Jakarta, Malanesianews, – Dunia sedang mengalami gelombang panas laut (marine heatwave) berskala terbesar sepanjang sejarah pencatatan iklim, yang telah menyebabkan pemutihan karang global (global coral bleaching) di lebih dari 84% wilayah terumbu karang di seluruh dunia. Data dari NOAA dan WMO mencatat kenaikan suhu permukaan laut hingga 2–3°C di atas normal, berlangsung terus menerus sejak pertengahan 2023.
Dampak di Indonesia
Indonesia—yang menjadi bagian dari segitiga terumbu karang dunia (Coral Triangle)—terkena dampak signifikan:
-
Di Wakatobi, Kepulauan Seribu, dan Taman Laut Bunaken, lebih dari 70–90% karang mengalami pemutihan.
-
Nelayan lokal mengalami penurunan hasil tangkapan karena ikan menjauh dari kawasan pemutih.
-
Industri wisata bahari terpukul. Kunjungan turis ke spot snorkeling dan diving turun hingga 60% sejak awal 2024.
Apa itu Pemutihan Karang?
Pemutihan terjadi saat karang stres akibat suhu terlalu panas, menyebabkan alga simbiotik (zooxanthellae) yang memberi warna dan nutrisi pada karang keluar dari jaringan. Tanpa alga, karang berubah putih dan kelaparan. Jika pemanasan berlangsung lama, karang akan mati.

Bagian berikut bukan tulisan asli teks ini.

(* Let $\lambda\in W\Lambda$ and $\alpha,\beta$ positive roots such that both $(\lambda,\lambda^\alpha)$ and $(\lambda^\alpha,\lambda^{\alpha,\beta})$ are admissible, where $\lambda^{\alpha,\beta}=(\lambda^\alpha)^\beta$. (i) If $(\alpha,\beta)=2$, then $\alpha=\beta$ and it is a simple root. (ii) Otherwise, there exist positive roots $\alpha'\ne\alpha$ and $\beta'$ such that $(\lambda,\lambda^{\alpha'})$ and $(\lambda^{\alpha'},\lambda^{\alpha',\beta'})$ are admissible and $\lambda^{\alpha,\beta}=\lambda^{\alpha',\beta'}$; the pair $(\alpha',\beta')$ is uniquely determined by these conditions.
   Context: Fix integers $n\ge2$, $r\ge n+2$. Let $\varepsilon_1,\dots,\varepsilon_n$ be an orthonormal basis of $\mathbb R^n$ (inner product $(\cdot,\cdot)$), $\bar\varepsilon_i=\varepsilon_i-\frac1n\sum_j\varepsilon_j$, $P=\sum_i\mathbb Z\bar\varepsilon_i$, simple roots $\alpha_i=\varepsilon_i-\varepsilon_{i+1}$ ($1\le i\le n-1$), $Q=\sum_i\mathbb Z\alpha_i$, $\theta=\alpha_1+\dots+\alpha_{n-1}$, positive roots $\varepsilon_i-\varepsilon_j$ ($i<j$). Fix $\Lambda\in P$ with $(\Lambda,\alpha_i)>0$ for all $i$ and $(\Lambda,\theta)<r$. $S_n$ acts by permuting the $\varepsilon_i$; $\ell(\sigma)$ is the length of $\sigma$. Each element of $W\Lambda=\{\sigma\Lambda+r\gamma:\sigma\in S_n,\gamma\in Q\}$ is uniquely written $\lambda=\sigma\Lambda+r\gamma$, and $\deg\lambda=\ell(\sigma)-2|\gamma|$, where $|\sum c_i\alpha_i|=\sum c_i$. For a positive root $\alpha$, $m_\alpha(\lambda)$ is the integer with $0<m_\alpha(\lambda)<r$, $m_\alpha(\lambda)\equiv(\lambda,\alpha)\bmod r$, and $\lambda^\alpha=\lambda-m_\alpha(\lambda)\alpha\in W\Lambda$. The pair $(\lambda,\lambda^\alpha)$ is called admissible if $\deg\lambda^\alpha=\deg\lambda+1$. *)

theory Defs
  imports Complex_Main "HOL-Combinatorics.Permutations"
begin

text \<open>Vectors of R^n are represented as functions nat => real, coordinates 1..n
  (they vanish outside {1..n} for all vectors built below).\<close>

definition eps :: "nat \<Rightarrow> nat \<Rightarrow> real" where
  "eps i = (\<lambda>j. if j = i then 1 else 0)"

definition ip :: "nat \<Rightarrow> (nat \<Rightarrow> real) \<Rightarrow> (nat \<Rightarrow> real) \<Rightarrow> real" where
  "ip n v w = (\<Sum>k=1..n. v k * w k)"

definition epsbar :: "nat \<Rightarrow> nat \<Rightarrow> nat \<Rightarrow> real" where
  "epsbar n i = (\<lambda>k. eps i k - (1 / real n) * (\<Sum>j=1..n. eps j k))"

definition in_P :: "nat \<Rightarrow> (nat \<Rightarrow> real) \<Rightarrow> bool" where
  "in_P n v \<longleftrightarrow> (\<exists>a :: nat \<Rightarrow> int. v = (\<lambda>k. \<Sum>i=1..n. of_int (a i) * epsbar n i k))"

definition sroot :: "nat \<Rightarrow> nat \<Rightarrow> real" where
  "sroot i = (\<lambda>k. eps i k - eps (Suc i) k)"

definition theta :: "nat \<Rightarrow> nat \<Rightarrow> real" where
  "theta n = (\<lambda>k. \<Sum>i=1..n-1. sroot i k)"

definition is_simple_root :: "nat \<Rightarrow> (nat \<Rightarrow> real) \<Rightarrow> bool" where
  "is_simple_root n a \<longleftrightarrow> (\<exists>i. 1 \<le> i \<and> i \<le> n - 1 \<and> a = sroot i)"

definition posroot :: "nat \<Rightarrow> (nat \<Rightarrow> real) \<Rightarrow> bool" where
  "posroot n a \<longleftrightarrow> (\<exists>i j. 1 \<le> i \<and> i < j \<and> j \<le> n \<and> a = (\<lambda>k. eps i k - eps j k))"
lemma nonneg_add_sum_eq_zero:
  fixes a :: real
  assumes "finite J" "0 \<le> a" "\<forall>j\<in>J. 0 \<le> f j" "a + sum f J = 0"
  shows "a = 0" "\<forall>j\<in>J. f j = 0"
proof -
  have "0 \<le> sum f J"
    using assms(3) by (simp add: sum_nonneg)
  then have "a = 0" "sum f J = 0"
    using assms(2,4) by linarith+
  then show "a = 0" "\<forall>j\<in>J. f j = 0"
    using sum_nonneg_eq_0_iff[OF assms(1), of f] assms(3) by auto
qed

lemma independent_dual_vector:
  fixes B :: "(real^'d) set"
  assumes "independent B"
  obtains b where "\<And>x. x \<in> B \<Longrightarrow> b \<bullet> x = f x"
proof -
  obtain g :: "real^'d \<Rightarrow> real" where "linear g" "\<And>x. x \<in> B \<Longrightarrow> g x = f x"
    using linear_independent_extend[OF assms, of f] by blast
  then have "adjoint g 1 \<bullet> x = f x" if "x \<in> B" for x
    using adjoint_works[of g x 1] that by (simp add: inner_commute)
  then show ?thesis using that by blast
qed

lemma sum_Pair: "(\<Sum>j\<in>A. (f j, g j)) = (sum f A, sum g A)"
  by (simp add: prod_eq_iff fst_sum snd_sum)

lemma sum_lessThan_restrict:
  fixes v :: "nat \<Rightarrow> 'a::real_vector"
  assumes "A \<subseteq> {..<n}"
  shows "(\<Sum>j<n. (if j \<in> A then f j else 0) *\<^sub>R v j) = (\<Sum>j\<in>A. f j *\<^sub>R v j)"
proof -
  have "(\<Sum>j<n. (if j \<in> A then f j else 0) *\<^sub>R v j) = (\<Sum>j<n. if j \<in> A then f j *\<^sub>R v j else 0)"
    by (intro sum.cong) auto
  also have "\<dots> = (\<Sum>j\<in>{..<n} \<inter> A. f j *\<^sub>R v j)"
    by (rule sum.inter_restrict[symmetric]) simp
  finally show ?thesis
    using assms by (simp add: Int_absorb1)
qed

lemma sum_floor_frac_split:
  fixes v :: "'i \<Rightarrow> 'a::real_vector"
  assumes "finite T" "J \<subseteq> T" "\<forall>j\<in>T. 0 \<le> c j" "\<forall>j\<in>J. 1 \<le> c j"
  shows "(\<Sum>j\<in>T. c j *\<^sub>R v j) = (\<Sum>j\<in>T. of_nat (nat \<lfloor>c j\<rfloor> - (if j \<in> J then 1 else 0)) *\<^sub>R v j)
           + ((\<Sum>j\<in>T. frac (c j) *\<^sub>R v j) + (\<Sum>j\<in>J. v j))"
proof -
  have "c j *\<^sub>R v j = of_nat (nat \<lfloor>c j\<rfloor> - (if j \<in> J then 1 else 0)) *\<^sub>R v j
      + frac (c j) *\<^sub>R v j + (if j \<in> J then v j else 0)" if "j \<in> T" for j
  proof -
    have "c j = of_nat (nat \<lfloor>c j\<rfloor> - (if j \<in> J then 1 else 0)) + frac (c j) + (if j \<in> J then 1 else 0)"
    proof (cases "j \<in> J")
      case True
      then have "1 \<le> c j"
        using assms(4) by blast
      then have "1 \<le> nat \<lfloor>c j\<rfloor>"
        by linarith
      then have "real (nat \<lfloor>c j\<rfloor> - 1) = of_int \<lfloor>c j\<rfloor> - 1"
        by (simp add: of_nat_diff)
      then show ?thesis
        using True by (simp add: frac_def)
    next
      case False
      then have "0 \<le> \<lfloor>c j\<rfloor>"
        using assms(3) that by simp
      then show ?thesis
        using False by (simp add: frac_def)
    qed
    from arg_cong[where f = "\<lambda>t. t *\<^sub>R v j", OF this] show ?thesis
      by (simp only: scaleR_add_left) simp
  qed
  then have "(\<Sum>j\<in>T. c j *\<^sub>R v j) = (\<Sum>j\<in>T. of_nat (nat \<lfloor>c j\<rfloor> - (if j \<in> J then 1 else 0)) *\<^sub>R v j
      + frac (c j) *\<^sub>R v j + (if j \<in> J then v j else 0))"
    by (rule sum.cong[OF refl])
  also have "\<dots> = (\<Sum>j\<in>T. of_nat (nat \<lfloor>c j\<rfloor> - (if j \<in> J then 1 else 0)) *\<^sub>R v j)
      + ((\<Sum>j\<in>T. frac (c j) *\<^sub>R v j) + (\<Sum>j\<in>J. v j))"
    using assms(1,2) by (simp add: sum.distrib sum.If_cases Int_absorb1)
  finally show ?thesis .
qed

section \<open>The ring C[K,Sigma]\<close>

definition finsupp_in :: "'a set \<Rightarrow> ('a \<Rightarrow> 'b::zero) \<Rightarrow> bool" where
  "finsupp_in X f \<longleftrightarrow> finite {w. f w \<noteq> 0} \<and> {w. f w \<noteq> 0} \<subseteq> X"

lemma finsupp_in_zero: "finsupp_in X (\<lambda>_. 0)"
  by (simp add: finsupp_in_def)

lemma finsupp_in_subset: "finsupp_in X f \<Longrightarrow> X \<subseteq> Y \<Longrightarrow> finsupp_in Y f"
  by (auto simp: finsupp_in_def)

“Ini adalah pemutihan karang global keempat yang pernah terjadi, dan yang paling luas. Bumi sedang memberi sinyal darurat,” — Dr. Derek Manzello, Koordinator Coral Reef Watch, NOAA.
Bukti Krisis Iklim
Fenomena ini memperkuat laporan IPCC dan WMO bahwa krisis iklim kini tak lagi mengancam, tetapi sedang terjadi. Kenaikan suhu laut didorong oleh:
-
Emisi karbon global yang terus meningkat,
-
El Niño ekstrem 2023–2024,
-
Penurunan kapasitas laut dalam menyerap panas (akibat pencairan es dan stratifikasi laut).
Tanggapan dan Harapan
Pemerintah Indonesia telah mengaktifkan program “Coral Recovery 2030”, termasuk:
-
Restorasi karang buatan menggunakan substrat beton ramah lingkungan di 12 lokasi kritis,
-
Penutupan sementara spot wisata untuk pemulihan alami,
-
Kampanye publik #SelamatkanKarang yang mendorong pelancong dan nelayan lebih bertanggung jawab.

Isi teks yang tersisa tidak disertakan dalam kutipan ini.